Teams will retain control over editorial and commerce decisions, though the NFL will offer editorial advice tied to its own data analysis.

 

“We as a best practice will make recommendations to them based on data we will see across 32 clubs or based on studies we have done,” said George Scott, NFL Media’s general manager of the Club Sites group. As an example, he said NFL Media might see a club gaining traction with a video series, and the league might recommend to a similar team that it should also produce them.

 

The key driver behind the relaunch is making the sites better formatted for mobile devices. Five years ago, more than half of the clicks on team websites came from desktop. Today, that figure has fallen precipitously, with mobile visitors now making up over 70 percent, Scott said. So that led to a mobile-first mentality.

 

“We had a mobile version of the sites, but it wasn’t responsive,” he said. “So, you had a desktop experience, and you had a mobile experience. Now if you are on your desktop and you shrink that site down, it will snap to a mobile version if you narrow the width of the site. That is the big difference. With one experience you can make it work for both desktop and mobile versus having to publish two separate sites basically.”

 

Many other leading sports websites, including ESPN, have similarly moved in recent years to designs that work well on smartphones and tablets as mobile-based traffic continues to surge. 

 

Between August and January, the average monthly unique visitors to NFL team sites were 21.3 million, and to NFL.com 33.6 million. While Scott would not offer a figure, he said he expects those figures will grow because of the relaunch.

 

Bruin Sports Capital’s Deltatre is serving as the back-end provider for the project, having built the content management system that is underpinning the new websites.

 

Beyond making the sites easier to read on mobile devices, producing the content will be more efficient.

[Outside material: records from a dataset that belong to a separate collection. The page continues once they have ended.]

text \<open>The point \<open>x\<close> may lie on the boundary of \<open>S\<close>, so instead of moving from \<open>x\<close>
  in direction \<open>a - b\<close> we compare the segments from \<open>x\<close> towards \<open>a\<close> and towards \<open>b\<close>.\<close>

lemma lipschitz_has_derivative_bound_on_differences:
  fixes g :: "'a::real_normed_vector \<Rightarrow> real"
  assumes "convex S" "x \<in> S" "a \<in> S" "b \<in> S"
    and deriv: "(g has_derivative L) (at x within S)"
    and lip: "\<And>a b. a \<in> S \<Longrightarrow> b \<in> S \<Longrightarrow> \<bar>g a - g b\<bar> \<le> C * norm (a - b)"
  shows "\<bar>L (a - b)\<bar> \<le> C * norm (a - b)"
proof -
  define p where "p z t = x + t *\<^sub>R (z - x)" for z and t :: real
  have p_in_S: "p z t \<in> S" if "z \<in> S" "t \<in> {0..1}" for z t
  proof -
    have "p z t = (1 - t) *\<^sub>R x + t *\<^sub>R z" by (simp add: p_def algebra_simps)
    then show ?thesis using that assms(1,2) by (auto intro: convexD)
  qed
  have along_segment: "((\<lambda>t. g (p z t)) has_derivative (\<lambda>t. L (t *\<^sub>R (z - x)))) (at 0 within {0..1})"
    if "z \<in> S" for z
  proof -
    have "(p z has_derivative (\<lambda>t. t *\<^sub>R (z - x))) (at 0 within {0..1})"
      unfolding p_def by (auto intro!: derivative_eq_intros)
    moreover have "(g has_derivative L) (at (p z 0) within p z ` {0..1})"
      using has_derivative_subset[OF deriv] p_in_S[OF that] by (simp add: p_def image_subset_iff)
    ultimately have "((g \<circ> p z) has_derivative (L \<circ> (\<lambda>t. t *\<^sub>R (z - x)))) (at 0 within {0..1})"
      by (rule diff_chain_within)
    then show ?thesis by (simp add: o_def)
  qed
  have lin: "linear L" by (rule has_derivative_linear[OF deriv])
  have "L (a - b) = L (a - x) - L (b - x)"
    by (simp add: linear_diff[OF lin, symmetric])
  then have "(\<lambda>t. L (t *\<^sub>R (a - x)) - L (t *\<^sub>R (b - x))) = (*) (L (a - b))"
    by (simp add: fun_eq_iff linear_scale[OF lin] right_diff_distrib mult.commute)
  then have "((\<lambda>t. g (p a t) - g (p b t)) has_field_derivative L (a - b)) (at 0 within {0..1})"
    using has_derivative_diff[OF along_segment[OF assms(3)] along_segment[OF assms(4)]]
    by (simp add: has_field_derivative_def)
  then have "((\<lambda>t. (g (p a t) - g (p b t)) / t) \<longlongrightarrow> L (a - b)) (at 0 within {0..1})"
    by (simp add: has_field_derivative_iff p_def)
  then have "((\<lambda>t. \<bar>(g (p a t) - g (p b t)) / t\<bar>) \<longlongrightarrow> \<bar>L (a - b)\<bar>) (at 0 within {0..1})"
    by (rule tendsto_rabs)
  moreover have "\<bar>(g (p a t) - g (p b t)) / t\<bar> \<le> C * norm (a - b)" if "t \<in> {0<..1}" for t
  proof -
    have "\<bar>g (p a t) - g (p b t)\<bar> \<le> C * norm (p a t - p b t)"
      using lip p_in_S assms(3,4) that by simp
    also have "norm (p a t - p b t) = t * norm (a - b)"
      using that by (simp add: p_def scaleR_diff_right[symmetric])
    finally show ?thesis using that by (simp add: pos_divide_le_eq mult_ac)
  qed
  then have "eventually (\<lambda>t. \<bar>(g (p a t) - g (p b t)) / t\<bar> \<le> C * norm (a - b)) (at 0 within {0..1})"
    by (auto simp: eventually_at_filter)
  ultimately show ?thesis
    by (rule tendsto_upperbound) (simp add: at_within_Icc_at_right)
qed

lemma lipschitz_has_derivative_bound:
  fixes g :: "'a::real_normed_vector \<Rightarrow> real"
  assumes "convex S" "interior S \<noteq> {}" "x \<in> S"
    and deriv: "(g has_derivative L) (at x within S)"
    and lip: "\<And>a b. a \<in> S \<Longrightarrow> b \<in> S \<Longrightarrow> \<bar>g a - g b\<bar> \<le> C * norm (a - b)"
  shows "\<bar>L v\<bar> \<le> C * norm v"
proof (cases "v = 0")
  case True
  then show ?thesis using linear_0[OF has_derivative_linear[OF deriv]] by simp
next
  case False
  obtain c r where "r > 0" "ball c r \<subseteq> S"
    using assms(2) by (auto simp: mem_interior)
  moreover define e where "e = r / (2 * norm v)"
  ultimately have e: "e > 0" and in_S: "c + e *\<^sub>R v \<in> S" "c \<in> S"
    using False by (auto simp: dist_norm)
  have "\<bar>L ((c + e *\<^sub>R v) - c)\<bar> \<le> C * norm ((c + e *\<^sub>R v) - c)"
    by (rule lipschitz_has_derivative_bound_on_differences[OF assms(1,3) in_S deriv lip])
  then have "e * \<bar>L v\<bar> \<le> e * (C * norm v)"
    using e linear_scale[OF has_derivative_linear[OF deriv]] by (simp add: abs_mult mult_ac)
  then show ?thesis using e by simp
qed

lemma has_derivative_within_convex_unique:
  fixes f :: "'a::real_normed_vector \<Rightarrow> real"
  assumes "convex S" "interior S \<noteq> {}" "x \<in> S"
    and "(f has_derivative L1) (at x within S)" "(f has_derivative L2) (at x within S)"
  shows "L1 = L2"
proof
  fix v
  have "((\<lambda>y. f y - f y) has_derivative (\<lambda>v. L1 v - L2 v)) (at x within S)"
    by (rule has_derivative_diff[OF assms(4,5)])
  from lipschitz_has_derivative_bound[OF assms(1-3) this, of 0 v] show "L1 v = L2 v" by simp
qed

lemma lipschitz_constant_nonneg:
  fixes S :: "'a::{real_normed_vector, perfect_space} set"
  assumes "interior S \<noteq> {}" and "\<And>a b. a \<in> S \<Longrightarrow> b \<in> S \<Longrightarrow> 0 \<le> C * norm (a - b)"
  shows "0 \<le> C"
proof -
  obtain c where c: "c \<in> interior S" using assms(1) by blast
  then have "S \<noteq> {c}" by auto
  then obtain b where "b \<in> S" "b \<noteq> c" using c interior_subset by blast
  with assms(2)[of b c] c interior_subset show ?thesis by (auto simp: zero_le_mult_iff)
qed

lemma has_gradient_within_norm_le:
  fixes g :: "'a::{real_inner, perfect_space} \<Rightarrow> real"
  assumes "convex S" "interior S \<noteq> {}" "x \<in> S" "has_gradient_within g G x S"
    and lip: "\<And>a b. a \<in> S \<Longrightarrow> b \<in> S \<Longrightarrow> \<bar>g a - g b\<bar> \<le> C * norm (a - b)"
  shows "norm G \<le> C"
proof (cases "G = 0")
  case True
  have "0 \<le> C" by (rule lipschitz_constant_nonneg[OF assms(2)]) (meson abs_ge_zero order_trans lip)
  then show ?thesis using True by simp
next
  case False
  have "norm G * norm G \<le> C * norm G"
    using lipschitz_has_derivative_bound[OF assms(1-3) assms(4)[unfolded has_gradient_within_def] lip, of G]
    by (simp add: dot_square_norm power2_eq_square)
  then show ?thesis using False by simp
qed

lemma has_gradient_within_convex_unique:
  fixes g :: "'a::real_inner \<Rightarrow> real"
  assumes "convex S" "interior S \<noteq> {}" "x \<in> S"
    and "has_gradient_within g G1 x S" "has_gradient_within g G2 x S"
  shows "G1 = G2"
proof -
  have "(\<lambda>h. G1 \<bullet> h) = (\<lambda>h. G2 \<bullet> h)"
    using has_derivative_within_convex_unique assms unfolding has_gradient_within_def by blast
  then have "G1 \<bullet> (G1 - G2) = G2 \<bullet> (G1 - G2)" by metis
  then have "(G1 - G2) \<bullet> (G1 - G2) = 0" by (simp add: inner_diff_left)
  then show ?thesis by simp
qed

lemma linear_derivative_of_linear_family:
  fixes F F' :: "'a::real_normed_vector \<Rightarrow> 'b::real_vector \<Rightarrow> real"
  assumes "convex S" "interior S \<noteq> {}" "y \<in> S"
    and lin: "\<And>y'. y' \<in> S \<Longrightarrow> linear (F y')"
    and deriv: "\<And>v. ((\<lambda>y'. F y' v) has_derivative (\<lambda>z. F' z v)) (at y within S)"
  shows "linear (F' z)"
proof (rule linearI)
  have unique: "L1 = L2" if "((\<lambda>y'. F y' v) has_derivative L1) (at y within S)"
    "((\<lambda>y'. F y' v) has_derivative L2) (at y within S)" for v L1 L2
    by (rule has_derivative_within_convex_unique[OF assms(1-3) that])
  fix v w :: 'b and c :: real
  have "((\<lambda>y'. F y' (v + w)) has_derivative (\<lambda>z. F' z v + F' z w)) (at y within S)"
    using has_derivative_add[OF deriv deriv]
    by (rule has_derivative_transform[OF assms(3), rotated]) (simp add: lin linear_add)
  from unique[OF deriv this] show "F' z (v + w) = F' z v + F' z w" by metis
  have "((\<lambda>y'. F y' (c *\<^sub>R v)) has_derivative (\<lambda>z. c *\<^sub>R F' z v)) (at y within S)"
    using has_derivative_scaleR_right[OF deriv]
    by (rule has_derivative_transform[OF assms(3), rotated]) (simp add: lin linear_scale)
  from unique[OF deriv this] show "F' z (c *\<^sub>R v) = c *\<^sub>R F' z v" by metis
qed

lemma monomial_has_vector_derivative:
  assumes "m < k"
  shows "((\<lambda>t. (t - a) ^ (k - m) / fact (k - m)) has_vector_derivative
           (t - a) ^ (k - Suc m) / fact (k - Suc m)) (at t within S)"
proof -
  obtain n where n: "k - m = Suc n" "k - Suc m = n" using assms by (metis Suc_diff_Suc)
  have "((\<lambda>t. (t - a) ^ Suc n / fact (Suc n)) has_real_derivative (t - a) ^ n / fact n)
          (at t within S)"
    by (auto intro!: derivative_eq_intros simp del: power_Suc)
  then show ?thesis
    unfolding n has_real_derivative_iff_has_vector_derivative .
qed

lemma has_integral_taylor_weight:
  fixes a b :: real
  assumes "0 < k" "a \<le> b"
  shows "((\<lambda>x. (b - x) ^ (k - 1) / fact (k - 1)) has_integral (b - a) ^ k / fact k) {a..b}"
proof -
  define P where "P m t = (t - a) ^ (k - m) / fact (k - m)" for m t
  have "((\<lambda>x. ((b - x) ^ (k - 1) / fact (k - 1)) *\<^sub>R P k x) has_integral
      P 0 b - (\<Sum>i<k. ((b - a) ^ i / fact i) *\<^sub>R P i a)) {a..b}"
    unfolding P_def using assms by (intro Taylor_has_integral monomial_has_vector_derivative) auto
  moreover have "(\<Sum>i<k. ((b - a) ^ i / fact i) *\<^sub>R P i a) = 0"
    by (intro sum.neutral) (simp add: P_def)
  ultimately show ?thesis by (simp add: P_def)
qed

Staffers will be able to use phones and iPads now to file content.

 

“Our authors can file content in a more timely manner,” said Kenton Olson, the Seahawks’ director of digital and emerging media. “But also down the line as the way people consume content becomes a little bit more fragmented, we are going to be able to syndicate our content to other places.” By this he means devices such as connected TVs and even future technologies, as content can now adapt visually to any device.

 

The team sites will look and feel more like NFL.com, though clubs will have the flexibility to alter the format. “There is definitely a common framework for all 32 teams,” Olson said. “But we have freedom within that framework.”

 

Certain elements like fonts and navigational tools will always be the same site to site. Video player speeds will also be far quicker.

 

Deltatre’s technology serving as the back-end system for the website enhances the existing relationship between Bruin and the NFL. Bruin also has a large role with NFL On Location, the NFL’s corporate hospitality business, and is marketing GamePass in Europe. GamePass offers live games in season overseas.

 

Staff writer Eric Fisher contributed to this report.